(Beginning of Supplied material)

(* Let $B$ be an even unimodular lattice of rank $r$ with a fixed basis, and let $I_{1,1}$ have standard basis $x,y$ ($\langle x,x\rangle=1=-\langle y,y\rangle$, $\langle x,y\rangle=0$). Let $(\tfrac12)I_{1,1}=\{\tfrac12(p x+q y): p,q\in\mathbb{Z},\ p\equiv q \pmod 2\}$ with the form extended bilinearly from $I_{1,1}$, and regard $L=B\oplus I_{1,1}$ and $M=B\oplus(\tfrac12)I_{1,1}$ as $\mathbb{Z}$-submodules of the same rational quadratic space $(B\oplus I_{1,1})\otimes\mathbb{Q}$. Then $O(M)\cong O(L)$; the isomorphism is given by the fact that every isometry of $M$ (extended $\mathbb{Q}$-linearly) maps $L$ onto $L$, and every isometry of $L$ (extended $\mathbb{Q}$-linearly) maps $M$ onto $M$.
   Context: $O(L)$ denotes the group of isometries of a lattice (or $\mathbb{Z}$-module with a $\mathbb{Q}$-valued symmetric bilinear form) $L$ onto itself. Even: all norms $\langle\eta,\eta\rangle$ even; unimodular: Gram determinant $\pm1$. *)

theory Defs
  imports "Jordan_Normal_Form.Determinant" "HOL-Library.FuncSet"
begin

text \<open>The lattice B is given by its Gram matrix G (an r x r integer matrix) with respect
  to the fixed basis. The ambient rational quadratic space (B + I_{1,1}) tensor Q is
  rat vectors of dimension r+2: coordinates 0..r-1 are B-coordinates, coordinate r is
  the x-coordinate and coordinate r+1 the y-coordinate.\<close>

definition even_unimodular :: "int mat \<Rightarrow> nat \<Rightarrow> bool" where
  "even_unimodular G r \<longleftrightarrow>
     G \<in> carrier_mat r r \<and> transpose_mat G = G \<and>
     (\<forall>v \<in> carrier_vec r. even (v \<bullet> (G *\<^sub>v v))) \<and>
     (det G = 1 \<or> det G = -1)"

definition gramLM :: "int mat \<Rightarrow> nat \<Rightarrow> rat mat" where
  "gramLM G r = mat (r+2) (r+2) (\<lambda>(i,j).
      if i < r \<and> j < r then of_int (G $$ (i,j))
      else if i = j \<and> i = r then 1
      else if i = j \<and> i = r + 1 then -1
      else 0)"

definition qform :: "int mat \<Rightarrow> nat \<Rightarrow> rat vec \<Rightarrow> rat vec \<Rightarrow> rat" where
  "qform G r u v = u \<bullet> (gramLM G r *\<^sub>v v)"

definition Lset :: "nat \<Rightarrow> rat vec set" where
  "Lset r = {v \<in> carrier_vec (r+2). \<forall>i < r+2. v $ i \<in> \<int>}"

definition Mset :: "nat \<Rightarrow> rat vec set" where
  "Mset r = {v \<in> carrier_vec (r+2). (\<forall>i < r. v $ i \<in> \<int>) \<and>
     (\<exists>p q :: int. v $ r = of_int p / 2 \<and> v $ (r+1) = of_int q / 2 \<and> even (p - q))}"
(* Let $q$ be a prime power, $n$ a positive integer with $\gcd(q,n)=1$, $s\in\mathbb{Z}_n^*$ and $t\in\mathbb{Z}_n$ with $qt\equiv t\pmod n$. A $q$-coset $Q\subseteq\mathbb{Z}_n$ satisfies $\rho_{s,t}(Q)=Q$ if and only if there exist $k\in Q$ and an integer $j\ge0$ such that $(q^j-s)k\equiv st\pmod n$.
   Context: The $q$-cosets of $\mathbb{Z}_n$ are the orbits of $\mu_q:i\mapsto qi\bmod n$. $\rho_{s,t}:\mathbb{Z}_n\to\mathbb{Z}_n$, $i\mapsto s(i+t)\bmod n$; it maps $q$-cosets to $q$-cosets. *)

theory Defs
  imports Main "HOL-Number_Theory.Number_Theory"
begin

text \<open>Z_n is represented by the residues {0..<n} (naturals).\<close>

definition q_coset :: "nat \<Rightarrow> nat \<Rightarrow> nat \<Rightarrow> nat set" where
  "q_coset n q i = {(q ^ j * i) mod n | j. True}"

definition is_q_coset :: "nat \<Rightarrow> nat \<Rightarrow> nat set \<Rightarrow> bool" where
  "is_q_coset n q Q \<longleftrightarrow> (\<exists>i<n. Q = q_coset n q i)"

definition rho :: "nat \<Rightarrow> nat \<Rightarrow> nat \<Rightarrow> nat \<Rightarrow> nat" where
  "rho n s t i = (s * (i + t)) mod n"

definition prime_power :: "nat \<Rightarrow> bool" where
  "prime_power q \<longleftrightarrow> (\<exists>p k. prime p \<and> k \<ge> 1 \<and> q = p ^ k)"

end

theory Submission
  imports Defs
begin

text \<open>
  Since \<open>q t \<equiv> t (mod n)\<close>, the map \<open>\<rho> = \<rho>(s,t)\<close> commutes with multiplication by
  \<open>q\<close>, so it sends the \<open>q\<close>-coset of \<open>k\<close> into the \<open>q\<close>-coset of \<open>\<rho>(k)\<close>.
  Hence \<open>\<rho>\<close> fixes \<open>Q\<close> iff \<open>\<rho>(k) \<equiv> q^j k\<close> for some \<open>k \<in> Q\<close> and some \<open>j\<close>,
  because every element of a coset generates it (this uses \<open>gcd(q,n) = 1\<close>, the only
  property of \<open>q\<close> needed); equality rather than inclusion comes for free since \<open>\<rho>\<close> is
  injective on the finite set \<open>Q\<close>.
\<close>

lemma q_coset_subset_lessThan: "n > 0 \<Longrightarrow> q_coset n q i \<subseteq> {..<n}"
  unfolding q_coset_def by auto

lemma mod_in_q_coset: "i mod n \<in> q_coset n q i"
  unfolding q_coset_def by (auto intro: exI[of _ 0])

lemma q_coset_mod: "q_coset n q (i mod n) = q_coset n q i"
  unfolding q_coset_def by (simp add: mod_mult_right_eq)

lemma q_coset_mult_closed:
  assumes "x \<in> q_coset n q i"
  shows "(q ^ a * x) mod n \<in> q_coset n q i"
proof -
  obtain j where "x = (q ^ j * i) mod n"
    using assms unfolding q_coset_def by auto
  then have "(q ^ a * x) mod n = (q ^ (a + j) * i) mod n"
    by (simp add: mod_mult_right_eq power_add mult.assoc)
  then show ?thesis
    unfolding q_coset_def by blast
qed

lemma q_coset_subset_of_mem:
  assumes "k \<in> q_coset n q i"
  shows "q_coset n q k \<subseteq> q_coset n q i"
proof
  fix x assume "x \<in> q_coset n q k"
  then obtain j where "x = (q ^ j * k) mod n"
    unfolding q_coset_def by auto
  with q_coset_mult_closed[OF assms] show "x \<in> q_coset n q i"
    by blast
qed

lemma mod_in_q_coset_of_mem:
  assumes "n > 0" and "coprime q n" and "k \<in> q_coset n q i"
  shows "i mod n \<in> q_coset n q k"
proof -
  obtain a where a: "k = (q ^ a * i) mod n"
    using assms(3) unfolding q_coset_def by auto
  obtain m where m: "totient n = Suc m"
    using assms(1) gr0_implies_Suc totient_gt_0_iff by blast
  have "[(q ^ totient n) ^ a = 1 ^ a] (mod n)"
    using euler_theorem[OF assms(2)] by (rule cong_pow)
  moreover have "(q ^ totient n) ^ a = q ^ (m * a) * q ^ a"
    unfolding m power_mult[symmetric] by (simp add: power_add)
  ultimately have "[q ^ (m * a) * q ^ a = 1] (mod n)"
    by simp
  then have "[q ^ (m * a) * q ^ a * i = 1 * i] (mod n)"
    by (rule cong_scalar_right)
  moreover have "(q ^ (m * a) * k) mod n = (q ^ (m * a) * q ^ a * i) mod n"
    unfolding a by (simp add: mod_mult_right_eq mult.assoc)
  ultimately have "i mod n = (q ^ (m * a) * k) mod n"
    by (simp add: cong_def)
  then show ?thesis
    unfolding q_coset_def by blast
qed

lemma q_coset_eq_of_mem:
  assumes "n > 0" and "coprime q n" and "k \<in> q_coset n q i"
  shows "q_coset n q k = q_coset n q i"
  using q_coset_subset_of_mem[OF assms(3)]
    q_coset_subset_of_mem[OF mod_in_q_coset_of_mem[OF assms]]
  by (simp add: q_coset_mod)

lemma rho_mult_q_power:
  assumes "[q * t = t] (mod n)"
  shows "rho n s t ((q ^ a * x) mod n) = (q ^ a * rho n s t x) mod n"
proof -
  have qt: "[q ^ a * t = t] (mod n)"
  proof (induction a)
    case (Suc a)
    have "[q * (q ^ a * t) = q * t] (mod n)"
      using Suc by (rule cong_scalar_left)
    with assms show ?case
      by (simp add: mult.assoc cong_trans)
  qed simp
  have "[s * ((q ^ a * x) mod n + t) = s * (q ^ a * x + q ^ a * t)] (mod n)"
    by (intro cong_mult cong_add cong_refl cong_sym[OF qt]) (simp add: cong_def)
  also have "s * (q ^ a * x + q ^ a * t) = q ^ a * (s * (x + t))"
    by (simp add: algebra_simps)
  finally show ?thesis
    unfolding rho_def cong_def by (simp add: mod_mult_right_eq)
qed

lemma inj_on_rho:
  assumes "coprime s n"
  shows "inj_on (rho n s t) {..<n}"
proof
  fix x y assume "x \<in> {..<n}" "y \<in> {..<n}" "rho n s t x = rho n s t y"
  then have "[s * (x + t) = s * (y + t)] (mod n)"
    unfolding rho_def cong_def by simp
  then have "[x = y] (mod n)"
    using cong_mult_lcancel_nat[OF assms] cong_add_rcancel_nat by blast
  with \<open>x \<in> {..<n}\<close> \<open>y \<in> {..<n}\<close> show "x = y"
    by (simp add: cong_def)
qed

lemma rho_image_q_coset:
  assumes "n > 0" and "coprime s n" and "[q * t = t] (mod n)"
    and "rho n s t k \<in> q_coset n q k"
  shows "rho n s t ` q_coset n q k = q_coset n q k"
proof (rule endo_inj_surj)
  show "finite (q_coset n q k)"
    by (rule finite_subset[OF q_coset_subset_lessThan[OF assms(1)] finite_lessThan])
  show "inj_on (rho n s t) (q_coset n q k)"
    by (rule inj_on_subset[OF inj_on_rho[OF assms(2)] q_coset_subset_lessThan[OF assms(1)]])
  show "rho n s t ` q_coset n q k \<subseteq> q_coset n q k"
  proof
    fix y assume "y \<in> rho n s t ` q_coset n q k"
    then obtain a where "y = rho n s t ((q ^ a * k) mod n)"
      unfolding q_coset_def by blast
    also have "\<dots> = (q ^ a * rho n s t k) mod n"
      by (rule rho_mult_q_power[OF assms(3)])
    finally show "y \<in> q_coset n q k"
      using q_coset_mult_closed[OF assms(4)] by simp
  qed
qed

lemma rho_eq_q_power_mult_iff:
  "rho n s t k = (q ^ j * k) mod n \<longleftrightarrow>
    [(int q ^ j - int s) * int k = int s * int t] (mod int n)"
proof -
  have "rho n s t k = (q ^ j * k) mod n \<longleftrightarrow> [q ^ j * k = s * (k + t)] (mod n)"
    unfolding rho_def cong_def by auto
  also have "\<dots> \<longleftrightarrow> [int (q ^ j * k) = int (s * (k + t))] (mod int n)"
    by (rule cong_int_iff[symmetric])
  also have "\<dots> \<longleftrightarrow> [(int q ^ j - int s) * int k = int s * int t] (mod int n)"
    by (simp add: cong_iff_dvd_diff algebra_simps)
  finally show ?thesis .
qed

theorem lemma3p2:
  fixes q n s t :: nat and Q :: "nat set"
  assumes "prime_power q" and "n > 0" and "coprime q n"
    and "s < n" and "coprime s n"
    and "t < n" and "[q * t = t] (mod n)"
    and "is_q_coset n q Q"
  shows "rho n s t ` Q = Q \<longleftrightarrow>
    (\<exists>k\<in>Q. \<exists>j::nat. [(int q ^ j - int s) * int k = int s * int t] (mod int n))"
proof -
  obtain i where Qi: "Q = q_coset n q i"
    using assms(8) unfolding is_q_coset_def by auto
  have Qk: "Q = q_coset n q k" if "k \<in> Q" for k
    using q_coset_eq_of_mem[OF assms(2,3)] that Qi by simp
  show ?thesis
  proof
    assume "rho n s t ` Q = Q"
    moreover have "i mod n \<in> Q"
      unfolding Qi by (rule mod_in_q_coset)
    ultimately have "rho n s t (i mod n) \<in> q_coset n q (i mod n)"
      using Qk by blast
    then show "\<exists>k\<in>Q. \<exists>j. [(int q ^ j - int s) * int k = int s * int t] (mod int n)"
      using \<open>i mod n \<in> Q\<close> unfolding q_coset_def rho_eq_q_power_mult_iff[symmetric] by blast
  next
    assume "\<exists>k\<in>Q. \<exists>j. [(int q ^ j - int s) * int k = int s * int t] (mod int n)"
    then obtain k j where "k \<in> Q" and "rho n s t k = (q ^ j * k) mod n"
      unfolding rho_eq_q_power_mult_iff[symmetric] by blast
    then have "rho n s t k \<in> q_coset n q k"
      unfolding q_coset_def by blast
    then show "rho n s t ` Q = Q"
      using rho_image_q_coset[OF assms(2,5,7)] Qk[OF \<open>k \<in> Q\<close>] by simp
  qed
qed

end
(* Let $n,m\ge 3$ and let $G$ be the disjoint union of an $n$-cycle $L$ and an $m$-cycle $L'$. Then the mean squared linking number $E[\mathrm{lk}(L,L')^2]$ of a random linear embedding of $G$ in the cube $C^3=[0,1]^3$ equals $\frac{1}{2}nmq$, where $q$ is the constant defined in the context.
   Context: A random linear embedding of a graph $G$ in $C^3=[0,1]^3$: the vertices of $G$ are placed at independent uniformly distributed points of $C^3$, and each edge $(v_i,v_j)$ is realized as the straight segment between $v_i$ and $v_j$. For two oriented segments $l,l'$ in $\mathbb{R}^3$, the signed crossing $\epsilon(l,l')$ is computed in the orthogonal projection onto a fixed plane (e.g. the $xy$-plane): it is $0$ if the projections do not cross, and otherwise $\pm1$ according to the usual right-hand sign convention for the crossing. The linking number of two disjoint oriented polygons is $\frac12$ the sum of $\epsilon(l,l')$ over all edges $l$ of the first and $l'$ of the second. Let $A,B,C,P,Q,R$ be independent uniform points in $C^3$ and write $X\to Y$ for the oriented segment from $X$ to $Y$. Define $s$ by $2s=P(\epsilon(A\to B,P\to Q)\neq 0)$; $u=E[\epsilon(A\to B,P\to Q)\,\epsilon(A\to B,Q\to R)]$; $v=E[\epsilon(A\to B,P\to Q)\,\epsilon(B\to C,Q\to R)]$; and $q=s+2(u+v)$ (it is known that $q>0$). *)

theory Defs
  imports "HOL-Probability.Probability"
begin

type_synonym point3 = "real \<times> real \<times> real"

definition px :: "point3 \<Rightarrow> real" where "px p = fst p"
definition py :: "point3 \<Rightarrow> real" where "py p = fst (snd p)"
definition pz :: "point3 \<Rightarrow> real" where "pz p = snd (snd p)"

definition cube3 :: "point3 set" where
  "cube3 = {0..1} \<times> {0..1} \<times> {0..1}"

definition unif_cube :: "point3 measure" where
  "unif_cube = uniform_measure lborel cube3"

definition cross2 :: "real \<Rightarrow> real \<Rightarrow> real \<Rightarrow> real \<Rightarrow> real" where
  "cross2 ux uy wx wy = ux * wy - uy * wx"

text \<open>Signed crossing of the oriented segments a->b and c->d in the orthogonal
  projection onto the xy-plane (viewed from +z).  The projections are
  a + s(b-a) and c + t(d-c); they cross iff the solution (s,t) lies in [0,1]^2.
  At the crossing the sign is +1 iff the over-strand's direction crossed with
  the under-strand's direction has positive z-component (right-hand rule).
  Degenerate configurations (parallel projections, equal heights) give 0;
  they have probability zero.\<close>
definition eps :: "point3 \<Rightarrow> point3 \<Rightarrow> point3 \<Rightarrow> point3 \<Rightarrow> real" where
  "eps a b c d =
    (let ux = px b - px a; uy = py b - py a;
         wx = px d - px c; wy = py d - py c;
         rx = px c - px a; ry = py c - py a;
         D = cross2 ux uy wx wy
     in if D = 0 then 0 else
       (let s = cross2 rx ry wx wy / D; t = cross2 rx ry ux uy / D
        in if 0 \<le> s \<and> s \<le> 1 \<and> 0 \<le> t \<and> t \<le> 1
           then sgn D * sgn ((pz a + s * (pz b - pz a)) - (pz c + t * (pz d - pz c)))
           else 0))"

(End of Supplied material)

* [Assignment]: Whichever lines of the material hold the word "segments", find and copy them.

* [Your response]:
   Context: A random linear embedding of a graph $G$ in $C^3=[0,1]^3$: the vertices of $G$ are placed at independent uniformly distributed points of $C^3$, and each edge $(v_i,v_j)$ is realized as the straight segment between $v_i$ and $v_j$. For two oriented segments $l,l'$ in $\mathbb{R}^3$, the signed crossing $\epsilon(l,l')$ is computed in the orthogonal projection onto a fixed plane (e.g. the $xy$-plane): it is $0$ if the projections do not cross, and otherwise $\pm1$ according to the usual right-hand sign convention for the crossing. The linking number of two disjoint oriented polygons is $\frac12$ the sum of $\epsilon(l,l')$ over all edges $l$ of the first and $l'$ of the second. Let $A,B,C,P,Q,R$ be independent uniform points in $C^3$ and write $X\to Y$ for the oriented segment from $X$ to $Y$. Define $s$ by $2s=P(\epsilon(A\to B,P\to Q)\neq 0)$; $u=E[\epsilon(A\to B,P\to Q)\,\epsilon(A\to B,Q\to R)]$; $v=E[\epsilon(A\to B,P\to Q)\,\epsilon(B\to C,Q\to R)]$; and $q=s+2(u+v)$ (it is known that $q>0$). *)
text \<open>Signed crossing of the oriented segments a->b and c->d in the orthogonal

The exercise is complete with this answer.